#### Information:
lemma TV_Htilde_sq_le_transport_cost:
  assumes "\<Delta> > 0" "\<sigma> > 0" "is_distr \<Delta> p" and \<gamma>: "is_coupling \<Delta> p q \<gamma>"
  shows "(2 * \<sigma> * TV \<Delta> (Htilde \<Delta> \<sigma> p) (Htilde \<Delta> \<sigma> q))\<^sup>2
    \<le> (\<Sum>x\<in>grid \<Delta>. \<Sum>y\<in>grid \<Delta>. \<gamma> x y * l1dist x y)"
proof -
  define G where "G = grid \<Delta> \<times> grid \<Delta>"
  have \<gamma>_nonneg: "\<And>z. z \<in> G \<Longrightarrow> \<gamma> (fst z) (snd z) \<ge> 0"
    using \<gamma> by (auto simp: is_coupling_def G_def)
  have "(\<Sum>z\<in>G. \<gamma> (fst z) (snd z)) = (\<Sum>x\<in>grid \<Delta>. \<Sum>y\<in>grid \<Delta>. \<gamma> x y)"
    by (simp add: G_def sum.cartesian_product case_prod_beta)
  also have "\<dots> = 1"
    using \<gamma> assms(3) by (simp add: is_coupling_def is_distr_def)
  finally have mass: "(\<Sum>z\<in>G. \<gamma> (fst z) (snd z)) = 1" .
  have "0 \<le> 2 * \<sigma> * TV \<Delta> (Htilde \<Delta> \<sigma> p) (Htilde \<Delta> \<sigma> q)"
    using assms(2) by (simp add: TV_def infsum_nonneg)
  moreover have "2 * \<sigma> * TV \<Delta> (Htilde \<Delta> \<sigma> p) (Htilde \<Delta> \<sigma> q) \<le> (\<Sum>z\<in>G. \<gamma> (fst z) (snd z) * norm (fst z - snd z))"
    using infsum_abs_Htilde_diff_le[OF assms(2,1) \<gamma>] assms(2)
    by (simp add: TV_def G_def sum.cartesian_product case_prod_beta pos_le_divide_eq mult.commute)
  ultimately have "(2 * \<sigma> * TV \<Delta> (Htilde \<Delta> \<sigma> p) (Htilde \<Delta> \<sigma> q))\<^sup>2
      \<le> (\<Sum>z\<in>G. \<gamma> (fst z) (snd z) * norm (fst z - snd z))\<^sup>2"
    by (simp add: power_mono)
  also have "\<dots> \<le> (\<Sum>z\<in>G. \<gamma> (fst z) (snd z) * (norm (fst z - snd z))\<^sup>2)"
    using sum_weighted_square_le[of G "\<lambda>z. \<gamma> (fst z) (snd z)" "\<lambda>z. norm (fst z - snd z)"]
      \<gamma>_nonneg mass by simp
  also have "\<dots> \<le> (\<Sum>z\<in>G. \<gamma> (fst z) (snd z) * l1dist (fst z) (snd z))"
    using \<gamma>_nonneg by (intro sum_mono mult_left_mono norm_sq_le_l1dist) (auto simp: G_def)
  finally show ?thesis
    by (simp add: G_def sum.cartesian_product case_prod_beta)
qed

lemma is_coupling_product:
  assumes "is_distr \<Delta> p" "is_distr \<Delta> q"
  shows "is_coupling \<Delta> p q (\<lambda>x y. p x * q y)"
  using assms by (simp add: is_coupling_def is_distr_def flip: sum_distrib_left sum_distrib_right)

theorem lemma10:
  fixes \<Delta> :: nat and \<sigma> :: real and p q :: "real \<times> real \<Rightarrow> real"
  assumes "\<Delta> > 0" and "\<sigma> > 0"
    and "is_distr \<Delta> p" and "is_distr \<Delta> q"
  shows "TV \<Delta> (Htilde \<Delta> \<sigma> p) (Htilde \<Delta> \<sigma> q) \<le> sqrt (EMD \<Delta> p q) / (2 * \<sigma>)"
proof -
  let ?costs = "{(\<Sum>x\<in>grid \<Delta>. \<Sum>y\<in>grid \<Delta>. \<gamma> x y * l1dist x y) | \<gamma>. is_coupling \<Delta> p q \<gamma>}"
  have "?costs \<noteq> {}"
    using is_coupling_product[OF assms(3,4)] by blast
  then have "(2 * \<sigma> * TV \<Delta> (Htilde \<Delta> \<sigma> p) (Htilde \<Delta> \<sigma> q))\<^sup>2 \<le> EMD \<Delta> p q"
    unfolding EMD_def
    by (rule cInf_greatest) (use TV_Htilde_sq_le_transport_cost[OF assms(1-3)] in blast)
  then have "2 * \<sigma> * TV \<Delta> (Htilde \<Delta> \<sigma> p) (Htilde \<Delta> \<sigma> q) \<le> sqrt (EMD \<Delta> p q)"
    by (rule real_le_rsqrt)
  then show ?thesis
    using assms(2) by (simp add: pos_le_divide_eq mult.commute mult.left_commute)
qed

end
(* Let $A = \langle Q, \delta, \gamma, F\rangle$ be a pomset automaton that is well-nested and finitely supported. Then for every state $q \in Q$ there exists a series-parallel rational expression $e_q$ such that $[\![ e_q ]\!] = L_A(q)$.
   Context: Fix a finite alphabet $\Sigma$. A pomset is an isomorphism class of labelled posets $\langle C, \leq, \lambda\rangle$ with $\lambda: C \to \Sigma$; $1$ is the empty pomset and $a\in\Sigma$ denotes the one-point pomset labelled $a$. For pomsets $U,V$ (with disjoint carriers) the sequential composition $U\cdot V$ has carrier $C_U\cup C_V$, order ${\leq_U}\cup{\leq_V}\cup(C_U\times C_V)$ and the union labelling; the parallel composition $U\parallel V$ is the same but with order ${\leq_U}\cup{\leq_V}$. The set $\mathsf{Pom}^{\mathsf{sp}}$ of series-parallel pomsets is the smallest set of pomsets containing $1$ and all $a\in\Sigma$ and closed under $\cdot$ and $\parallel$. For pomset languages, $\mathcal U\cdot\mathcal V=\{U\cdot V\}$, $\mathcal U\parallel\mathcal V=\{U\parallel V\}$, $\mathcal U^*=\bigcup_n\mathcal U^n$ and $\mathcal U^\dagger=\bigcup_n \mathcal U^{(n)}$, where $\mathcal U^0=\mathcal U^{(0)}=\{1\}$, $\mathcal U^{n+1}=\mathcal U\cdot\mathcal U^n$, $\mathcal U^{(n+1)}=\mathcal U\parallel\mathcal U^{(n)}$. Series-parallel rational expressions (spr-expressions) are given by $e,f ::= 0 \mid 1 \mid a\in\Sigma \mid e+f \mid e\cdot f \mid e\parallel f \mid e^* \mid e^\dagger$, with semantics $[\![0]\!]=\emptyset$, $[\![1]\!]=\{1\}$, $[\![a]\!]=\{a\}$, $[\![e+f]\!]=[\![e]\!]\cup[\![f]\!]$, $[\![e\cdot f]\!]=[\![e]\!]\cdot[\![f]\!]$, $[\![e\parallel f]\!]=[\![e]\!]\parallel[\![f]\!]$, $[\![e^*]\!]=[\![e]\!]^*$, $[\![e^\dagger]\!]=[\![e]\!]^\dagger$. A pomset automaton (PA) is $A=\langle Q,\delta,\gamma,F\rangle$ with $F\subseteq Q$ the accepting states, $\delta: Q\times\Sigma\to Q$ and $\gamma: Q\times Q\times Q\to Q$. Every PA is assumed to contain states $\bot\in Q\setminus F$ and $\top\in F$ with $\delta(\bot,a)=\delta(\top,a)=\bot$ and $\gamma(\bot,r,s)=\gamma(\top,r,s)=\bot$ for all $a,r,s$. The trace relation ${\to_A}\subseteq Q\times\mathsf{Pom}^{\mathsf{sp}}\times Q$ is the smallest relation with: $q\xrightarrow{1}_A q$; $q\xrightarrow{a}_A\delta(q,a)$; if $q\xrightarrow{U}_A q''$ and $q''\xrightarrow{V}_A q'$ then $q\xrightarrow{U\cdot V}_A q'$; if $r\xrightarrow{U}_A r'\in F$ and $s\xrightarrow{V}_A s'\in F$ then $q\xrightarrow{U\parallel V}_A\gamma(q,r,s)$. The language of $q$ is $L_A(q)=\{U : \exists q'\in F.\ q\xrightarrow{U}_A q'\}$. The trace dependency relation $\preceq_A$ is the smallest preorder on $Q$ such that $r,s\preceq_A q$ whenever $\gamma(q,r,s)\neq\bot$, $\delta(q,a)\preceq_A q$ for all $a$, and $\gamma(q,r,s)\preceq_A q$ for all $r,s$. Write $q\prec_A q'$ iff $q\preceq_A q'$ and $q'\not\preceq_A q$. The support $\pi_A(q)$ is the smallest $\preceq_A$-downward-closed subset of $Q$ containing $q$; $A$ is finitely supported if every $\pi_A(q)$ is finite. A state $q$ is sequential if $r,s\prec_A q$ whenever $\gamma(q,r,s)\neq\bot$. A state $q\in F$ is recursive if it is not sequential, $\delta(q,a)=\bot$ for all $a\in\Sigma$, and whenever $\gamma(q,r,s)\neq\bot$ we have $s=q$, $r\prec_A q$ and $\gamma(q,r,s)=\top$. $A$ is well-nested if every state is sequential or recursive. *)

theory Defs
  imports Main
begin
lemma triangular_exponent_upper:
  assumes "j \<le> n"
  shows "triangular (Suc n + j) + n * (2*n+1 - (Suc n + j)) = triangular n + n + n*n + triangular (Suc j)"
proof -
  obtain m where n: "n = j + m"
    using assms le_Suc_ex by blast
  show ?thesis
    using double_triangular[of "Suc (j + m) + j"] double_triangular[of "j + m"] double_triangular[of "Suc j"]
    by (simp add: n algebra_simps triangular_Suc)
qed

lemma finite_gauss_identity:
  assumes nz: "\<And>n. qpoch q q n \<noteq> 0" and "q \<noteq> 0"
  shows "qpoch (-q) q n ^ 2 = (\<Sum>j\<le>n. q ^ triangular (Suc j) * qbinomial q (2*n+1) (Suc n + j))"
    (is "_ = ?S")
proof -
  define E where "E = triangular n + n + n * n"
  define t where "t k = qbinomial q (2*n+1) k * q ^ triangular k * 1 ^ k * (q ^ n) ^ (2*n+1 - k)" for k
  have t_lower: "t (n - j) = q ^ E * (q ^ triangular (Suc j) * qbinomial q (2*n+1) (Suc n + j))"
    if "j \<le> n" for j
  proof -
    have "qbinomial q (2*n+1) (n - j) = qbinomial q (2*n+1) (Suc n + j)"
      using qbinomial_symmetric[of "Suc n + j" "2*n+1" q] that by simp
    then show ?thesis
      using triangular_exponent_lower[OF that]
      by (simp add: t_def E_def algebra_simps flip: power_mult power_add)
  qed
  have t_upper: "t (Suc n + j) = q ^ E * (q ^ triangular (Suc j) * qbinomial q (2*n+1) (Suc n + j))"
    if "j \<le> n" for j
    using triangular_exponent_upper[OF that]
    by (simp add: t_def E_def algebra_simps flip: power_mult power_add)
  have split_range: "{..2*n+1} = {..<Suc n + Suc n}"
    by auto
  have "(\<Prod>i<2*n+1. q ^ n + 1 * q ^ i) = (\<Sum>k\<le>2*n+1. t k)"
    unfolding t_def by (rule qbinomial_theorem[OF nz])
  then have "2 * q ^ E * qpoch (-q) q n ^ 2 = (\<Sum>k\<le>2*n+1. t k)"
    by (simp only: mult_1 prod_power_add_power E_def)
  also have "\<dots> = (\<Sum>j\<le>n. t (n - j)) + (\<Sum>j\<le>n. t (Suc n + j))"
    unfolding split_range sum.lessThan_add
    using sum.nat_diff_reindex[of t "Suc n"] by (simp add: lessThan_Suc_atMost)
  also have "\<dots> = q ^ E * ?S + q ^ E * ?S"
    unfolding sum_distrib_left using t_lower t_upper by (intro arg_cong2[where f = "(+)"] sum.cong) auto
  finally show ?thesis
    using \<open>q \<noteq> 0\<close> by (simp add: mult_2 [symmetric])
qed
lemma (in prob_space) typical_sample_event:
  fixes Y Z :: "'a \<Rightarrow> nat \<Rightarrow> 'b::euclidean_space" and z :: "nat \<Rightarrow> 'b"
  assumes Y_meas: "\<And>i. i < n \<Longrightarrow> (\<lambda>\<omega>. Y \<omega> i) \<in> borel_measurable M"
    and Y_law: "\<And>i j. i < n \<Longrightarrow> j < k \<Longrightarrow> prob {\<omega>\<in>space M. Y \<omega> i = z j} = pr j"
    and pr_pos: "\<And>j. j < k \<Longrightarrow> 0 < pr j" and pr_sum: "(\<Sum>j<k. pr j) = 1"
    and z_inj: "inj_on z {..<k}"
    and Z_meas: "\<And>i. i < m \<Longrightarrow> (\<lambda>\<omega>. Z \<omega> i) \<in> borel_measurable M"
    and Z_law: "\<And>i. i < m \<Longrightarrow> distr M borel (\<lambda>\<omega>. Z \<omega> i) = uniform_measure lborel Om"
    and Om: "Om \<in> sets lborel"
    and indep: "indep_vars (\<lambda>_. borel) (\<lambda>i \<omega>. stack n (Y \<omega>) (Z \<omega>) i) {..<n + m}"
  shows "\<exists>T\<in>events. 1 - (\<Sum>j<k. 4 / (n * pr j)) \<le> prob T \<and>
           (\<forall>\<omega>\<in>T. (\<forall>i<n. Y \<omega> i \<in> z ` {..<k}) \<and> (\<forall>i<m. Z \<omega> i \<in> Om) \<and>
                  (\<forall>j<k. n * pr j / 2 \<le> card {i. i < n \<and> Y \<omega> i = z j}))"
proof -
  define Bad where "Bad j = {\<omega>\<in>space M. real (card {i. i < n \<and> Y \<omega> i = z j}) < n * pr j / 2}" for j
  have "(\<lambda>\<omega>. real (card {i. i < n \<and> Y \<omega> i = z j})) \<in> borel_measurable M" for j
    using borel_measurable_count_eq[of n "\<lambda>i \<omega>. Y \<omega> i"] Y_meas by simp
  then have Bad_sets: "Bad j \<in> events" for j unfolding Bad_def by measurable
  have Bad_prob: "prob (Bad j) \<le> 4 / (n * pr j)" if "j < k" for j
  proof -
    have "Bad j = {\<omega>\<in>space M. real (card {i. i < n \<and> stack n (Y \<omega>) (Z \<omega>) i = z j}) < n * pr j / 2}"
      unfolding Bad_def stack_def by (auto intro!: arg_cong[where f = card] cong: conj_cong)
    also have "prob \<dots> \<le> 4 / (n * pr j)"
      using Y_law that pr_pos by (intro indep_vars_count_lt_half_mean[OF indep]) (auto simp: stack_def)
    finally show ?thesis .
  qed
  define Good where "Good = {\<omega>\<in>space M. (\<forall>i<n. Y \<omega> i \<in> z ` {..<k}) \<and> (\<forall>i<m. Z \<omega> i \<in> Om)}"
  have Good_sets: "Good \<in> events"
    unfolding Good_def by (rule sample_support_event(1)[OF Y_meas Y_law pr_sum z_inj Z_meas Z_law Om])
  have AE_Good: "AE \<omega> in M. \<omega> \<in> Good"
    unfolding Good_def by (rule sample_support_event(2)[OF Y_meas Y_law pr_sum z_inj Z_meas Z_law Om])
  define T where "T = Good - (\<Union>j<k. Bad j)"
  have T_sets: "T \<in> events" unfolding T_def using Good_sets Bad_sets by auto
  have "AE \<omega> in M. \<omega> \<in> T \<longleftrightarrow> \<omega> \<in> space M - (\<Union>j<k. Bad j)"
    using AE_Good by eventually_elim (auto simp: T_def Good_def)
  then have "prob T = prob (space M - (\<Union>j<k. Bad j))"
    using T_sets Bad_sets by (intro finite_measure_eq_AE) auto
  also have "\<dots> = 1 - prob (\<Union>j<k. Bad j)" using Bad_sets by (intro prob_compl) auto
  moreover have "prob (\<Union>j<k. Bad j) \<le> (\<Sum>j<k. prob (Bad j))"
    using Bad_sets by (intro finite_measure_subadditive_finite) auto
  moreover have "\<dots> \<le> (\<Sum>j<k. 4 / (n * pr j))" using Bad_prob by (intro sum_mono) auto
  ultimately have "1 - (\<Sum>j<k. 4 / (n * pr j)) \<le> prob T" by linarith
  moreover have "\<forall>\<omega>\<in>T. (\<forall>i<n. Y \<omega> i \<in> z ` {..<k}) \<and> (\<forall>i<m. Z \<omega> i \<in> Om) \<and>
                  (\<forall>j<k. n * pr j / 2 \<le> card {i. i < n \<and> Y \<omega> i = z j})"
    by (auto simp: T_def Good_def Bad_def not_less)
  ultimately show ?thesis using T_sets by blast
qed
lemma H1_sum: "(\<And>i. i \<in> I \<Longrightarrow> q i \<in> H) \<Longrightarrow> (\<lambda>x. \<Sum>i\<in>I. q i x) \<in> H"
proof (induction I rule: infinite_finite_induct)
  case (insert a F)
  then show ?case
    using H1_add[of "q a" "\<lambda>x. \<Sum>i\<in>F. q i x"] by simp
qed (simp_all add: H1_zero)

subsection \<open>Symmetric bilinear forms on \<open>H\<^sup>1(\<nu>)\<close>\<close>

definition sym_bilinear :: "(('a \<Rightarrow> real) \<Rightarrow> ('a \<Rightarrow> real) \<Rightarrow> real) \<Rightarrow> bool" where
  "sym_bilinear B \<longleftrightarrow> (\<forall>u v. B u v = B v u) \<and>
     (\<forall>u\<in>H. \<forall>v\<in>H. \<forall>w\<in>H. \<forall>t. B (\<lambda>x. u x + t * v x) w = B u w + t * B v w)"

lemma sym_bilinear_commute: "sym_bilinear B \<Longrightarrow> B u v = B v u"
  unfolding sym_bilinear_def by blast

lemma sym_bilinear_add_scaled_left:
  "sym_bilinear B \<Longrightarrow> u \<in> H \<Longrightarrow> v \<in> H \<Longrightarrow> w \<in> H \<Longrightarrow>
    B (\<lambda>x. u x + t * v x) w = B u w + t * B v w"
  unfolding sym_bilinear_def by blast

lemma sym_bilinear_add_left:
  "sym_bilinear B \<Longrightarrow> u \<in> H \<Longrightarrow> v \<in> H \<Longrightarrow> w \<in> H \<Longrightarrow>
    B (\<lambda>x. u x + v x) w = B u w + B v w"
  using sym_bilinear_add_scaled_left[of B u v w 1] by simp

lemma sym_bilinear_zero_left: "sym_bilinear B \<Longrightarrow> w \<in> H \<Longrightarrow> B (\<lambda>x. 0) w = 0"
  using sym_bilinear_add_left[OF _ H1_zero H1_zero] by simp

lemma sym_bilinear_sum_left:
  assumes "sym_bilinear B" "\<And>i. i \<in> I \<Longrightarrow> q i \<in> H" "w \<in> H"
  shows "B (\<lambda>x. \<Sum>i\<in>I. q i x) w = (\<Sum>i\<in>I. B (q i) w)"
  using assms(2)
proof (induction I rule: infinite_finite_induct)
  case (insert a F)
  then show ?case
    using sym_bilinear_add_left[OF assms(1) _ H1_sum assms(3), of "q a" F q] by simp
qed (simp_all add: sym_bilinear_zero_left assms)
lemma e_reducible_join_compl:
  assumes "inL M 1 (indicator_fn T)" shows "e_reducible (join T (- T)) M"
proof (rule e_reducible_preimage)
  show "e_reducible (graph 1 (indicator_fn T)) M"
    using assms unfolding inL_def by simp
  show "computable 1 (\<lambda>xs. list_encode [xs ! 0 div 2, 1 - xs ! 0 mod 2])"
    by (intro computable_list_encode_pair computable_div2 computable_mod2 computable_diff
        computable_proj computable_const) simp_all
  fix z
  have "list_encode [z div 2, 1 - z mod 2] \<in> graph 1 (indicator_fn T)
      \<longleftrightarrow> (if z div 2 \<in> T then 1 else 0) = 1 - z mod 2"
    using list_encode_mem_graph[of "[z div 2]"] by (simp add: indicator_fn_def)
  then show "z \<in> join T (- T) \<longleftrightarrow> list_encode [[z] ! 0 div 2, 1 - [z] ! 0 mod 2] \<in> graph 1 (indicator_fn T)"
    unfolding join_compl_iff by auto
qed

lemma e_reducible_snd_join_compl: "e_reducible (snd ` prod_decode ` T) (join T (- T))"
proof (rule e_reducible_via_image)
  show "computable 1 (\<lambda>xs. snd (prod_decode (xs ! 0)))"
    by (intro computable_snd_prod_decode computable_proj) simp
  show "computable 1 (\<lambda>xs. 2 * xs ! 0)"
    using computable_add[OF computable_proj computable_proj, of 0 1 0] by (simp add: mult_2)
  show "a \<in> snd ` prod_decode ` T \<longleftrightarrow> (\<exists>t. snd (prod_decode ([t] ! 0)) = a \<and> 2 * [t] ! 0 \<in> join T (- T))"
    for a
    by (auto simp: join_compl_iff)
qed

locale recursively_closed =
  fixes M :: "nat set"
  assumes contains_prf: "\<forall>r k. k \<ge> 1 \<longrightarrow> inL M k (pr_fun r)"
    and closed_subst: "\<forall>m k f gs. length gs = m \<longrightarrow> inL M m f \<longrightarrow> (\<forall>g\<in>set gs. inL M k g)
                          \<longrightarrow> inL M k (subst f gs)"
    and closed_prec: "\<forall>k f g. inL M k f \<longrightarrow> inL M (k + 2) g \<longrightarrow> inL M (k + 1) (prec f g)"
begin

lemma inL_computable:
  assumes "computable k h" "1 \<le> k" shows "inL M k (\<lambda>xs. Some (h xs))"
proof -
  from assms(1) obtain r where r: "\<And>xs. length xs = k \<Longrightarrow> eval r xs (h xs)"
    unfolding computable_def by blast
  have "pr_fun r xs = Some (h xs)" if "length xs = k" for xs
    unfolding pr_fun_def using r[OF that] eval_deterministic by (auto intro!: the_equality)
  then show ?thesis
    using contains_prf assms(2) inL_cong by metis
qed

lemma inL_proj: "i < k \<Longrightarrow> inL M k (\<lambda>xs. Some (xs ! i))"
  using inL_computable[OF computable_proj] by simp
lemma matrix_row_summable:
  assumes "x \<in> l2"
  shows "summable (\<lambda>l. A k l * x l)"
proof (rule summable_comparison_test'[of "\<lambda>l. ((cmod (A k l))\<^sup>2 + (cmod (x l))\<^sup>2) / 2" 0])
  show "summable (\<lambda>l. ((cmod (A k l))\<^sup>2 + (cmod (x l))\<^sup>2) / 2)"
    using row_l2 assms by (intro summable_divide summable_add) (auto simp: l2_def)
  show "cmod (A k l * x l) \<le> ((cmod (A k l))\<^sup>2 + (cmod (x l))\<^sup>2) / 2" for l
    using sum_squares_bound[of "cmod (A k l)" "cmod (x l)"] by (simp add: norm_mult)
qed

lemma id_minus_mat_supported:
  assumes "\<And>l. L \<le> l \<Longrightarrow> x l = 0"
  shows "id_minus_mat A x = (\<lambda>k. x k - section_mult L A x k)"
  unfolding id_minus_mat_def section_mult_def
  by (intro ext arg_cong2[where f=minus] refl suminf_finite) (auto simp: assms)

lemma id_minus_mat_diff:
  assumes "x \<in> l2" "y \<in> l2"
  shows "id_minus_mat A (\<lambda>k. x k - y k) = (\<lambda>k. id_minus_mat A x k - id_minus_mat A y k)"
proof
  fix k
  have "(\<Sum>l. A k l * (x l - y l)) = (\<Sum>l. A k l * x l) - (\<Sum>l. A k l * y l)"
    unfolding right_diff_distrib
    by (rule suminf_diff[OF matrix_row_summable[OF assms(1)] matrix_row_summable[OF assms(2)], symmetric])
  then show "id_minus_mat A (\<lambda>k. x k - y k) k = id_minus_mat A x k - id_minus_mat A y k"
    by (simp add: id_minus_mat_def)
qed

#### Try it:
Only the lines above, from the first through the one holding "using \<gamma> assms(3)", are to be output, and they must be copied exactly.

#### Exercise result:
lemma TV_Htilde_sq_le_transport_cost:
  assumes "\<Delta> > 0" "\<sigma> > 0" "is_distr \<Delta> p" and \<gamma>: "is_coupling \<Delta> p q \<gamma>"
  shows "(2 * \<sigma> * TV \<Delta> (Htilde \<Delta> \<sigma> p) (Htilde \<Delta> \<sigma> q))\<^sup>2
    \<le> (\<Sum>x\<in>grid \<Delta>. \<Sum>y\<in>grid \<Delta>. \<gamma> x y * l1dist x y)"
proof -
  define G where "G = grid \<Delta> \<times> grid \<Delta>"
  have \<gamma>_nonneg: "\<And>z. z \<in> G \<Longrightarrow> \<gamma> (fst z) (snd z) \<ge> 0"
    using \<gamma> by (auto simp: is_coupling_def G_def)
  have "(\<Sum>z\<in>G. \<gamma> (fst z) (snd z)) = (\<Sum>x\<in>grid \<Delta>. \<Sum>y\<in>grid \<Delta>. \<gamma> x y)"
    by (simp add: G_def sum.cartesian_product case_prod_beta)
  also have "\<dots> = 1"
    using \<gamma> assms(3) by (simp add: is_coupling_def is_distr_def)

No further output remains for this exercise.